Here are three scenarios, each of which could/probably did happened.
- Low Temperature, Wet, Slow Cure & Difficult placement (bar was pushed in repeatedly while trying to make it fast) = Inhibition & brittle material, degraded overtime by hydrolysis. OH! And damp threaded rod.
- 60 deg. Air temp & 50 deg. Concrete (wet or damp). OH! And damp threaded rod and fast cure = Hard full strength material with some oxygen inhibition at the concrete and threaded rod bond lines. Consequently hydrolytic degradation.
- 60 deg. Air temp & 50 deg. Concrete (dry). Everything is great except it is really difficult to squirt material out of a long nozzle, get it to stick to the end of the hole and somehow tweek the nozzle, without being able to see what is going on, up in there, to get it to stick to the sides of the hole. Building layer upon layer, it would take a lot of time. Otherwise you stick the nozzle in the hole a keep filling until you feel resistance and start withdrawing the nozzle, creating air pockets as you go. = You took to much time; the material has started to gel beyond its ability to wet-out the threaded rod. THIS stuff goes off like polyurea that’s why the bond strengths are so low. I question whether the 2 day, bond strengths increase and would not be surprised it the Wet bond strength was less at 14 days.
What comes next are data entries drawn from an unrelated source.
(* Let $n\ge p$. For $\mathcal X\in\mathrm{St}(n,p,l)$ and $\mathcal V\in T_{\mathcal X}\mathrm{St}(n,p,l)$ put $\mathcal P=\mathcal I-\frac12\mathcal X*\mathcal X^\top\in\mathbb R^{n\times n\times l}$ and $\mathcal W_{\mathcal V}=\mathcal P*\mathcal V*\mathcal X^\top-\mathcal X*\mathcal V^\top*\mathcal P$ (a skew-symmetric tensor in $\mathbb R^{n\times n\times l}$). Then $$R_{\mathcal X}(\mathcal V)=\Big(\mathcal I-\tfrac12\mathcal W_{\mathcal V}\Big)^{-1}*\Big(\mathcal I+\tfrac12\mathcal W_{\mathcal V}\Big)*\mathcal X$$ is well defined and is a retraction on $\mathrm{St}(n,p,l)$.
   Context: Frontal slices $A^{(i)}=\mathcal A(:,:,i)$. The t-product is $\mathcal A*\mathcal B=\operatorname{fold}(\operatorname{bcirc}(\mathcal A)\operatorname{unfold}(\mathcal B))$, where $\operatorname{bcirc}(\mathcal A)$ is the block circulant matrix with $(i,j)$ block $A^{(((i-j)\bmod l)+1)}$, $\operatorname{unfold}$ stacks frontal slices vertically, $\operatorname{fold}$ is its inverse. Transpose: $\mathcal A^\top$ has frontal slices $(A^{(1)})^\top,(A^{(l)})^\top,\dots,(A^{(2)})^\top$. $\mathcal I$ is the identity tensor (first frontal slice identity, others zero), and $\mathcal A^{-1}$ the t-product inverse. A tensor $\mathcal W$ is skew-symmetric if $\mathcal W^\top=-\mathcal W$. $\mathrm{St}(n,p,l)=\{\mathcal X\in\mathbb R^{n\times p\times l}:\mathcal X^\top*\mathcal X=\mathcal I\}$, an embedded submanifold of $\mathbb R^{n\times p\times l}$. A retraction on a manifold $M$ is a smooth map $R:TM\to M$ with $R_x(0_x)=x$ and $\mathrm DR_x(0_x)=\mathrm{id}_{T_xM}$. *)

theory Defs
  imports "HOL-Analysis.Analysis"
begin

type_synonym ('n, 'p, 'l) tensor = "(((real, 'l) vec, 'p) vec, 'n) vec"

text \<open>A tensor in R^(n x p x l) is an element of type ('n, 'p, 'l) tensor,
  entry (i,j,k) being A$i$j$k; the frontal slice A^(k) is the matrix
  (\<lambda>i j. A$i$j$k).  The frontal index type 'l is an enum type; its
  elements are numbered 0,...,l-1 by their position in Enum.enum
  (for the numeral types this is the natural order).  Slice A^(k+1) in
  the paper's 1-based numbering is the slice at position k.\<close>

definition fslot :: "nat \<Rightarrow> 'l::enum" where
  "fslot k = Enum.enum ! (k mod CARD('l))"

definition fpos :: "'l::enum \<Rightarrow> nat" where
  "fpos x = (THE k. k < CARD('l) \<and> (Enum.enum :: 'l list) ! k = x)"

text \<open>t-product: fold(bcirc(A) unfold(B)); block (k,m) of bcirc(A) is the
  slice at position (k - m) mod l.\<close>
definition tprod :: "('n::finite, 'q::finite, 'l::enum) tensor \<Rightarrow> ('q, 'p::finite, 'l) tensor \<Rightarrow> ('n, 'p, 'l) tensor" where
  "tprod A B = (\<chi> i j k. \<Sum>m\<in>UNIV. \<Sum>q\<in>UNIV.
      A$i$q$(fslot (fpos k + CARD('l::enum) - fpos m)) * B$q$j$m)"

text \<open>Transpose: slices (A^(1))^T, (A^(l))^T, ..., (A^(2))^T.\<close>
definition ttrans :: "('n::finite, 'p::finite, 'l::enum) tensor \<Rightarrow> ('p, 'n, 'l) tensor" where
  "ttrans A = (\<chi> j i k. A$i$j$(fslot (CARD('l::enum) - fpos k)))"

definition tid :: "('n::finite, 'n::finite, 'l::enum) tensor" where
  "tid = (\<chi> i j k. if i = j \<and> fpos k = 0 then 1 else 0)"

definition tinvertible :: "('n::finite, 'n::finite, 'l::enum) tensor \<Rightarrow> bool" where
  "tinvertible A \<longleftrightarrow> (\<exists>B. tprod A B = tid \<and> tprod B A = tid)"

definition tinv :: "('n::finite, 'n::finite, 'l::enum) tensor \<Rightarrow> ('n, 'n, 'l) tensor" where
  "tinv A = (THE B. tprod A B = tid \<and> tprod B A = tid)"

definition tskew :: "('n::finite, 'n::finite, 'l::enum) tensor \<Rightarrow> bool" where
  "tskew W \<longleftrightarrow> ttrans W = - W"

definition tstiefel :: "(('n::finite, 'p::finite, 'l::enum) tensor) set" where
  "tstiefel = {X. tprod (ttrans X) X = tid}"

text \<open>C^infinity on an open set: iterated (Frechet) derivatives of every
  order exist; D k x hs is the k-th derivative at x applied to the
  directions hs (length k).\<close>
definition smooth_on :: "'a::euclidean_space set \<Rightarrow> ('a \<Rightarrow> 'b::euclidean_space) \<Rightarrow> bool" where
  "smooth_on U f \<longleftrightarrow> open U \<and>
     (\<exists>D :: nat \<Rightarrow> 'a \<Rightarrow> 'a list \<Rightarrow> 'b.
        (\<forall>x\<in>U. D 0 x [] = f x) \<and>
        (\<forall>k x hs. x \<in> U \<and> length hs = k \<longrightarrow>
           ((\<lambda>y. D k y hs) has_derivative (\<lambda>h. D (Suc k) x (h # hs))) (at x)))"

definition smooth_on_set :: "'a::euclidean_space set \<Rightarrow> ('a \<Rightarrow> 'b::euclidean_space) \<Rightarrow> bool" where
  "smooth_on_set S f \<longleftrightarrow>
     (\<forall>x\<in>S. \<exists>U F. x \<in> U \<and> smooth_on U F \<and> (\<forall>y\<in>U \<inter> S. F y = f y))"

definition tangent_space :: "'a::euclidean_space set \<Rightarrow> 'a \<Rightarrow> 'a set" where
  "tangent_space M x = {v. \<exists>\<gamma> e. e > 0 \<and> \<gamma> 0 = x \<and> (\<forall>t\<in>{-e<..<e}. \<gamma> t \<in> M) \<and>
       (\<gamma> has_vector_derivative v) (at 0)}"

definition tangent_bundle :: "'a::euclidean_space set \<Rightarrow> ('a \<times> 'a) set" where
  "tangent_bundle M = {(x, v). x \<in> M \<and> v \<in> tangent_space M x}"

definition is_retraction :: "'a::euclidean_space set \<Rightarrow> ('a \<Rightarrow> 'a \<Rightarrow> 'a) \<Rightarrow> bool" where
  "is_retraction M R \<longleftrightarrow>
     smooth_on_set (tangent_bundle M) (\<lambda>(x, v). R x v) \<and>
     (\<forall>x\<in>M. \<forall>v\<in>tangent_space M x. R x v \<in> M) \<and>
     (\<forall>x\<in>M. R x 0 = x) \<and>
     (\<forall>x\<in>M. (R x has_derivative (\<lambda>v. v)) (at 0 within tangent_space M x))"

definition tP :: "('n::finite, 'p::finite, 'l::enum) tensor \<Rightarrow> ('n, 'n, 'l) tensor" where
  "tP X = tid - (1/2) *\<^sub>R tprod X (ttrans X)"

definition tW :: "('n::finite, 'p::finite, 'l::enum) tensor \<Rightarrow> ('n, 'p, 'l) tensor \<Rightarrow> ('n, 'n, 'l) tensor" where
  "tW X V = tprod (tprod (tP X) V) (ttrans X) - tprod (tprod X (ttrans V)) (tP X)"

definition cayley_retr :: "('n::finite, 'p::finite, 'l::enum) tensor \<Rightarrow> ('n, 'p, 'l) tensor \<Rightarrow> ('n, 'p, 'l) tensor" where
  "cayley_retr X V =
     tprod (tprod (tinv (tid - (1/2) *\<^sub>R tW X V)) (tid + (1/2) *\<^sub>R tW X V)) X"

end

theory Submission
  imports Defs
begin

(*
  The block circulant map bcirc sends tensors injectively to (n l) x (p l) matrices and turns the
  t-product, transpose and identity into matrix product, transpose and identity.  Under it W_V
  becomes a skew-symmetric matrix S, so I - S/2 is injective (x = S x / 2 forces
  |x|^2 = x . S x / 2 = 0), hence invertible, and the Cayley transform (I - S/2)^-1 (I + S/2) is
  orthogonal; multiplying X by it stays on the Stiefel manifold, and W_0 = 0 gives R_X(0) = X.
  By Cramer's rule every entry of R is a rational function without poles, hence smooth.
  Differentiating (I - W_V/2) R_X(V) = (I + W_V/2) X at V = 0 gives DR_X(0) V = W_V X, and
  W_V X = V for tangent V because tangent vectors satisfy V^T X + X^T V = 0.
*)

lemma length_enum: "length (Enum.enum :: 'l::enum list) = CARD('l)"
  by (metis distinct_card enum_UNIV enum_distinct)

lemma fpos_spec: "fpos x < CARD('l) \<and> Enum.enum ! fpos x = (x :: 'l::enum)"
  unfolding fpos_def
proof (rule theI')
  have "x \<in> set Enum.enum" by (simp add: enum_UNIV)
  then show "\<exists>!k. k < CARD('l) \<and> Enum.enum ! k = x"
    by (metis enum_distinct in_set_conv_nth length_enum nth_eq_iff_index_eq)
qed

lemma fpos_less [simp]: "fpos (x :: 'l::enum) < CARD('l)"
  using fpos_spec by blast

lemma fslot_fpos [simp]: "fslot (fpos x) = (x :: 'l::enum)"
  using fpos_spec[of x] by (simp add: fslot_def)

lemma fpos_inject: "fpos x = fpos y \<longleftrightarrow> x = (y :: 'l::enum)"
  by (metis fslot_fpos)

lemma fpos_fslot [simp]: "fpos (fslot m :: 'l::enum) = m mod CARD('l)"
  by (metis fpos_spec enum_distinct fslot_def length_enum mod_less_divisor nth_eq_iff_index_eq
      zero_less_card_finite)

(* Slots are read as residues modulo l via fpos; slot_diff k m is k - m. *)
definition slot_diff :: "'l::enum \<Rightarrow> 'l \<Rightarrow> 'l" where
  "slot_diff k m = fslot (fpos k + CARD('l) - fpos m)"

lemma int_fpos_slot_diff:
  "int (fpos (slot_diff k m)) = (int (fpos k) - int (fpos m)) mod CARD('l)"
  for k m :: "'l::enum"
proof -
  have "int (fpos k + CARD('l) - fpos m) = (int (fpos k) - int (fpos m)) + CARD('l)"
    using fpos_less[of m] by (simp add: of_nat_diff less_imp_le trans_le_add2)
  then show ?thesis
    by (simp add: slot_diff_def zmod_int)
qed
It is so fast that it is starting to thicken before it exits the static mixer and quickly reaches a gellation phase where it sticks together internally but doesn’t grab the substrate.
There is nothing about this material that suggests it bonds better to wet or damp concrete than other epoxy formulations; it is the immiscible property of the material that lends itself to a high degree of mechanical bond in the confines of a hole than would give it some (maybe temporary) advantage. I think its elcometer tensile pull-off values would be relative to other moisture tolerant epoxies but possibly degrade much faster over time if oxygen inhibition plays a role. Given conditions where immiscibility and mechanical bond are the pull out resistance building properties, internal stress in the adhesive and subsequent strain to the bond line would become a concern. And field testing threaded rod by sounding with a hammer would not be beneficial.
I’m not a Guru when it come to Free-Radical polymerization so the full depth of how much oxygen inhibition and the role water can play in such a circumstance is based on my knowledge of MMA and HMWM.
I think it would be well worth it to ACI, ASTM and Building Code organizations to qualify manufactures (perhaps on a proprietary basis) as genuine formulator or private label/repackager, and restrict their committee participation accordingly. Absent in-house formulating knowledge gross assumptions are frequently made. To make a point, please note that Dibenzoyl Peroxide is a DOT Haz Class, Packing Group II, Oxidative Peroxide material with its very own Yellow Hazard label and label # 5.2, UN3108, PG II, seemingly the epoxy-acrylate from this source has the special ability to transcend DOT restrictions by Air, Sea and Land. Can’t find another MSDS for a material that includes Dibenzoyl Peroxide were this is kind of exemption exists. Wishful thinking or greed?
I started out with a remark about the assumptions I have made here, so enough said.